Ne perdez jamais de vue que toute toxicité dépend de(s) huile(s) essentielle(s) utilisée(s), de l’âge de la personne, de la localisation/mode d’administration, de la dilution et de la fréquence d’utilisation…ce qui peut amener beaucoup de variations possibles.

Les alcools monoterpéniques (monoterpénols)

Exemples de molécules : linalol, géraniol, thujanol, terpinène-1-ol-4, alpha-terpinéol, menthol, bornéol, citronnellol, nérol, lavandulol, etc.

Huiles essentielles en contenant : tea tree, lavande (vraie, aspic), thyms (à linalol, à thujanol), laurier noble, mandravasarotra dit « saro », palmarosa, géranium rosat, bois de rose, bois de Hô, menthes (poivrée, des champs), néroli (feuilles), etc.

Précautions d’emploi : la dilution doit être adaptée à la personne (âge, fragilité), à la localisation (utiliser un support pour la voie orale comme de l’huile, du pain ou un morceau de sucre) et à la surface à traiter en usage externe (plus elle est grande, plus il faut diluer).

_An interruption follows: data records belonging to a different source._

(* Let $M$ be a compact Riemannian manifold and $f\colon M\to M$ a $C^1$ map. For every open cover $(U_i)_i$ of $(\overleftarrow M_f,d_1)$ there exists a partition of unity $(\rho_i)_i$ subordinate to it such that each $\rho_i\colon\overleftarrow M_f\to\mathbb R$ is $d_1$-continuous and $d_\infty$-Lipschitz.
   Context: $\overleftarrow M_f=\{(x_n)_{n\in\mathbb Z}\in M^{\mathbb Z}: f(x_n)=x_{n+1}\ \forall n\}$ with $d_1(\underline x,\underline y)=\sum_n2^{-|n|}d(x_n,y_n)$ and $d_\infty(\underline x,\underline y)=\sup_n d(x_n,y_n)$. *)

theory Defs
  imports "HOL-Analysis.Analysis"
begin

definition invlim :: "'a set \<Rightarrow> ('a \<Rightarrow> 'a) \<Rightarrow> (int \<Rightarrow> 'a) set" where
  "invlim M f = {x. (\<forall>n. x n \<in> M) \<and> (\<forall>n. f (x n) = x (n + 1))}"

definition d1 :: "(int \<Rightarrow> 'a::metric_space) \<Rightarrow> (int \<Rightarrow> 'a) \<Rightarrow> real" where
  "d1 x y = (\<Sum>\<^sub>\<infinity> n\<in>(UNIV::int set). (1/2) ^ nat \<bar>n\<bar> * dist (x n) (y n))"

definition dinf :: "(int \<Rightarrow> 'a::metric_space) \<Rightarrow> (int \<Rightarrow> 'a) \<Rightarrow> real" where
  "dinf x y = (SUP n. dist (x n) (y n))"

definition d1_top :: "'a::metric_space set \<Rightarrow> ('a \<Rightarrow> 'a) \<Rightarrow> (int \<Rightarrow> 'a) topology" where
  "d1_top M f = Metric_space.mtopology (invlim M f) d1"

definition tsupport :: "'b topology \<Rightarrow> ('b \<Rightarrow> real) \<Rightarrow> 'b set" where
  "tsupport T g = T closure_of {x \<in> topspace T. g x \<noteq> 0}"

definition partition_of_unity_subordinate ::
    "'b topology \<Rightarrow> ('i \<Rightarrow> 'b set) \<Rightarrow> ('i \<Rightarrow> 'b \<Rightarrow> real) \<Rightarrow> bool" where
  "partition_of_unity_subordinate T U \<rho> \<longleftrightarrow>
     (\<forall>i. continuous_map T euclideanreal (\<rho> i)) \<and>
     (\<forall>i. \<forall>x\<in>topspace T. 0 \<le> \<rho> i x) \<and>
     (\<forall>i. tsupport T (\<rho> i) \<subseteq> U i) \<and>
     (\<forall>x\<in>topspace T. \<exists>V. openin T V \<and> x \<in> V \<and>
         finite {i. tsupport T (\<rho> i) \<inter> V \<noteq> {}}) \<and>
     (\<forall>x\<in>topspace T. (\<Sum>i\<in>{i. \<rho> i x \<noteq> 0}. \<rho> i x) = 1)"

end

theory Submission
  imports Defs
begin

text \<open>
  On a compact metric space every open cover admits a finite partition of unity by Lipschitz
  functions: cover the space by finitely many balls whose doubles (with some room to spare) lie in
  the cover, take the hat functions \<open>max 0 (2 r - d(\<cdot>, c))\<close>, which are 1-Lipschitz and at least
  \<open>r\<close> on the ball of radius \<open>r\<close>, and normalise; the denominator is then bounded below uniformly.
  The inverse limit with \<open>d\<^sub>1\<close> is compact, being a closed subspace of the compact product
  \<open>M\<^sup>\<int>\<close> on which \<open>d\<^sub>1\<close> induces the product topology; and \<open>d\<^sub>1 \<le> 3 d\<^sub>\<infinity>\<close>, so \<open>d\<^sub>1\<close>-Lipschitz
  functions are \<open>d\<^sub>\<infinity>\<close>-Lipschitz.
\<close>

section \<open>Lipschitz partitions of unity on compact metric spaces\<close>

lemma abs_divide_diff_le:
  fixes a a' b b' D m :: real
  assumes "0 < m" "m \<le> b" "m \<le> b'" "0 \<le> a" "a \<le> b"
    and "\<bar>a - a'\<bar> \<le> D" "\<bar>b - b'\<bar> \<le> D"
  shows "\<bar>a / b - a' / b'\<bar> \<le> 2 * D / m"
proof -
  have b: "b > 0" "b' > 0" and D: "D \<ge> 0" using assms by linarith+
  have "\<bar>a * (b' - b) + b * (a - a')\<bar> \<le> a * D + b * D"
    using assms b by (intro order.trans[OF abs_triangle_ineq] add_mono)
      (auto simp: abs_mult abs_minus_commute intro: mult_left_mono)
  moreover have "a * D \<le> b * D"
    using assms(5) D by (rule mult_right_mono)
  ultimately have num: "\<bar>a * (b' - b) + b * (a - a')\<bar> \<le> 2 * b * D" by linarith
  have "\<bar>a / b - a' / b'\<bar> = \<bar>a * (b' - b) + b * (a - a')\<bar> / (b * b')"
    using b by (simp add: field_simps abs_divide)
  also have "\<dots> \<le> 2 * b * D / (b * b')"
    using num b by (intro divide_right_mono) auto
  also have "\<dots> = 2 * D / b'" using b by simp
  also have "\<dots> \<le> 2 * D / m"
    using assms D by (intro divide_left_mono) auto
  finally show ?thesis .
qed
lemma rec_fn_prim_rec:
  assumes F: "rec_fn k F" and G: "rec_fn (Suc (Suc k)) G"
  shows "rec_fn (Suc k) (\<lambda>xs. prim_rec F G (hd xs) (tl xs))"
proof -
  obtain rF where rF: "\<forall>ys. length ys = k \<longrightarrow> eval rF ys (F ys)" using F unfolding rec_fn_def by blast
  obtain rG where rG: "\<forall>ys. length ys = Suc (Suc k) \<longrightarrow> eval rG ys (G ys)" using G unfolding rec_fn_def by blast
  have "eval (Pr rF rG) (n # xs) (prim_rec F G n xs)" if "length xs = k" for n xs
  proof (induction n)
    case 0 then show ?case using rF that by (auto intro: eval_Pr0)
  next
    case (Suc n) then show ?case using rG that by (auto intro: eval_PrS)
  qed
  then have "eval (Pr rF rG) xs (prim_rec F G (hd xs) (tl xs))" if "length xs = Suc k" for xs
    using that by (cases xs) auto
  then show ?thesis unfolding rec_fn_def by blast
qed

lemma rec_fn_prim_rec_eq:
  assumes F: "rec_fn k F" and G: "rec_fn (Suc (Suc k)) G"
    and H: "\<And>n xs. length xs = k \<Longrightarrow> prim_rec F G n xs = H (n # xs)"
  shows "rec_fn (Suc k) H"
  using rec_fn_prim_rec[OF F G]
proof (rule rec_fn_cong)
  fix xs :: "nat list" assume "length xs = Suc k"
  then show "prim_rec F G (hd xs) (tl xs) = H xs" using H[of "tl xs" "hd xs"] by (cases xs) auto
qed

lemma list_length1_eq: "length xs = 1 \<Longrightarrow> xs = [xs!0]"
  by (cases xs) auto
lemma rec_fn_Suc1: "rec_fn 1 (\<lambda>xs. Suc (xs ! 0))"
  unfolding rec_fn_def
proof (intro exI allI impI)
  fix xs :: "nat list" assume "length xs = 1"
  then have "xs = [xs!0]" by (rule list_length1_eq)
  then show "eval S xs (Suc (xs ! 0))" by (metis eval_S)
qed

lemma rec_fn_Suc: "rec_fn k G \<Longrightarrow> rec_fn k (\<lambda>xs. Suc (G xs))"
  using rec_fn_comp1[OF rec_fn_Suc1] by simp

lemma rec_fn_add2: "rec_fn 2 (\<lambda>xs. xs ! 0 + xs ! 1)"
proof -
  have "rec_fn (Suc (Suc 0)) (\<lambda>xs. xs ! 0 + xs ! 1)"
  proof (rule rec_fn_prim_rec_eq[where F="\<lambda>ys. ys ! 0" and G="\<lambda>ys. Suc (ys ! 1)"])
    show "prim_rec (\<lambda>ys. ys ! 0) (\<lambda>ys. Suc (ys ! 1)) n xs = (n # xs) ! 0 + (n # xs) ! 1"
      for n and xs :: "nat list"
      by (induction n) auto
  qed (auto intro: rec_fn_proj rec_fn_Suc)
  then show ?thesis by (simp only: numeral_2_eq_2)
qed

lemma rec_fn_add: "rec_fn k G \<Longrightarrow> rec_fn k H \<Longrightarrow> rec_fn k (\<lambda>xs. G xs + H xs)"
  using rec_fn_comp2[OF rec_fn_add2] by simp

lemma rec_fn_diff2: "rec_fn 2 (\<lambda>xs. xs ! 1 - xs ! 0)"
proof -
  have pred: "rec_fn (Suc 0) (\<lambda>xs. xs ! 0 - 1)"
  proof (rule rec_fn_prim_rec_eq[where F="\<lambda>ys. 0" and G="\<lambda>ys. ys ! 0"])
    show "prim_rec (\<lambda>ys. 0) (\<lambda>ys. ys ! 0) n xs = (n # xs) ! 0 - 1" for n and xs :: "nat list"
      by (cases n) auto
  qed (auto intro: rec_fn_proj rec_fn_const)
  have "rec_fn (Suc (Suc 0)) (\<lambda>xs. xs ! 1 - xs ! 0)"
  proof (rule rec_fn_prim_rec_eq[where F="\<lambda>ys. ys ! 0" and G="\<lambda>ys. ys ! 1 - 1"])
    show "rec_fn (Suc (Suc (Suc 0))) (\<lambda>ys. ys ! 1 - 1)"
      using rec_fn_comp1[OF pred[unfolded One_nat_def[symmetric]] rec_fn_proj[of 1]] by simp
    show "prim_rec (\<lambda>ys. ys ! 0) (\<lambda>ys. ys ! 1 - 1) n xs = (n # xs) ! 1 - (n # xs) ! 0"
      for n and xs :: "nat list"
      by (induction n) auto
  qed (auto intro: rec_fn_proj)
  then show ?thesis by (simp only: numeral_2_eq_2)
qed

lemma rec_fn_diff: "rec_fn k G \<Longrightarrow> rec_fn k H \<Longrightarrow> rec_fn k (\<lambda>xs. G xs - H xs)"
  using rec_fn_comp2[OF rec_fn_diff2, of k H G] by simp

lemma rec_fn_if_zero3: "rec_fn 3 (\<lambda>xs. if xs ! 0 = 0 then xs ! 1 else xs ! 2)"
proof -
  have "rec_fn (Suc (Suc (Suc 0))) (\<lambda>xs. if xs ! 0 = 0 then xs ! 1 else xs ! 2)"
  proof (rule rec_fn_prim_rec_eq[where F="\<lambda>ys. ys ! 0" and G="\<lambda>ys. ys ! 3"])
    show "prim_rec (\<lambda>ys. ys ! 0) (\<lambda>ys. ys ! 3) n xs
        = (if (n # xs) ! 0 = 0 then (n # xs) ! 1 else (n # xs) ! 2)"
      if "length xs = Suc (Suc 0)" for n and xs :: "nat list"
      using that by (cases n; cases xs) auto
  qed (auto intro: rec_fn_proj)
  then show ?thesis by (simp only: numeral_3_eq_3)
qed

lemma rec_fn_if_zero:
  assumes "rec_fn k C" "rec_fn k A" "rec_fn k B"
  shows "rec_fn k (\<lambda>xs. if C xs = 0 then A xs else B xs)"
  by (rule rec_fn_cong[OF rec_fn_comp3[OF rec_fn_if_zero3 assms]]) (simp add: nth_Cons')

definition rec_pred :: "nat \<Rightarrow> (nat list \<Rightarrow> bool) \<Rightarrow> bool" where
  "rec_pred k P \<longleftrightarrow> rec_fn k (\<lambda>xs. if P xs then 0 else 1)"

lemma rec_fn_if: "rec_pred k P \<Longrightarrow> rec_fn k A \<Longrightarrow> rec_fn k B \<Longrightarrow> rec_fn k (\<lambda>xs. if P xs then A xs else B xs)"
  unfolding rec_pred_def by (rule rec_fn_cong[OF rec_fn_if_zero[of k "\<lambda>xs. if P xs then 0 else 1" A B]]) auto

lemma rec_pred_cong: "rec_pred k P \<Longrightarrow> (\<And>xs. length xs = k \<Longrightarrow> P xs = Q xs) \<Longrightarrow> rec_pred k Q"
  unfolding rec_pred_def by (erule rec_fn_cong) auto

lemma rec_pred_eq: "rec_fn k A \<Longrightarrow> rec_fn k B \<Longrightarrow> rec_pred k (\<lambda>xs. A xs = B xs)"
  unfolding rec_pred_def
  by (rule rec_fn_cong[OF rec_fn_if_zero[of k "\<lambda>xs. (A xs - B xs) + (B xs - A xs)" "\<lambda>_. 0" "\<lambda>_. 1"]])
     (auto intro: rec_fn_add rec_fn_diff rec_fn_const)

lemma rec_pred_le: "rec_fn k A \<Longrightarrow> rec_fn k B \<Longrightarrow> rec_pred k (\<lambda>xs. A xs \<le> B xs)"
  unfolding rec_pred_def
  by (rule rec_fn_cong[OF rec_fn_if_zero[of k "\<lambda>xs. A xs - B xs" "\<lambda>_. 0" "\<lambda>_. 1"]])
     (auto intro: rec_fn_diff rec_fn_const)

lemma rec_pred_less: "rec_fn k A \<Longrightarrow> rec_fn k B \<Longrightarrow> rec_pred k (\<lambda>xs. A xs < B xs)"
  using rec_pred_le[of k "\<lambda>xs. Suc (A xs)" B] by (simp add: rec_fn_Suc Suc_le_eq)

lemma rec_pred_conj: "rec_pred k P \<Longrightarrow> rec_pred k Q \<Longrightarrow> rec_pred k (\<lambda>xs. P xs \<and> Q xs)"
  unfolding rec_pred_def
  by (rule rec_fn_cong[OF rec_fn_if[of k P "\<lambda>xs. if Q xs then 0 else 1" "\<lambda>_. 1"]])
     (auto intro: rec_fn_const simp: rec_pred_def)

lemma rec_pred_disj: "rec_pred k P \<Longrightarrow> rec_pred k Q \<Longrightarrow> rec_pred k (\<lambda>xs. P xs \<or> Q xs)"
  unfolding rec_pred_def
  by (rule rec_fn_cong[OF rec_fn_if[of k P "\<lambda>_. 0" "\<lambda>xs. if Q xs then 0 else 1"]])
     (auto intro: rec_fn_const simp: rec_pred_def)

lemma rec_pred_not: "rec_pred k P \<Longrightarrow> rec_pred k (\<lambda>xs. \<not> P xs)"
  unfolding rec_pred_def
  by (rule rec_fn_cong[OF rec_fn_if[of k P "\<lambda>_. 1" "\<lambda>_. 0"]])
     (auto intro: rec_fn_const simp: rec_pred_def)

lemma rec_pred_cons_subst: "rec_pred (Suc k) P \<Longrightarrow> rec_fn k B \<Longrightarrow> rec_pred k (\<lambda>xs. P (B xs # xs))"
  unfolding rec_pred_def using rec_fn_cons_subst by fast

Contre-indications : le menthol peut provoquer des spasmes respiratoires chez les enfants => pas d’huile essentielle en contenant chez les enfants de moins de 6 ans ainsi que chez les femmes enceintes ou allaitantes.

Les alcools sesquiterpéniques (sesquiterpénols) et diterpénols

Exemples de molécules : viridiflorol, nérolidol, cédrol, gamma-eudesmol, widdrol, farnésol, alpha-bisabolol, globulol, santalol, spathulénol, daucol, carotol, carvéol, lédol, patchoulol, vétivénol, sclaréol, etc.

Huiles essentielles en contenant : niaouli, sauge officinale, néroli (fleurs), cèdres (de l’Atlas, de Virginie), cyprès de Provence, camomilles (romaine, allemande), eucalyptus globuleux, santals, verveine citronnée, carotte cultivée, carvi, lédon du Groenland, patchouli, vétiver, sauge sclarée, etc.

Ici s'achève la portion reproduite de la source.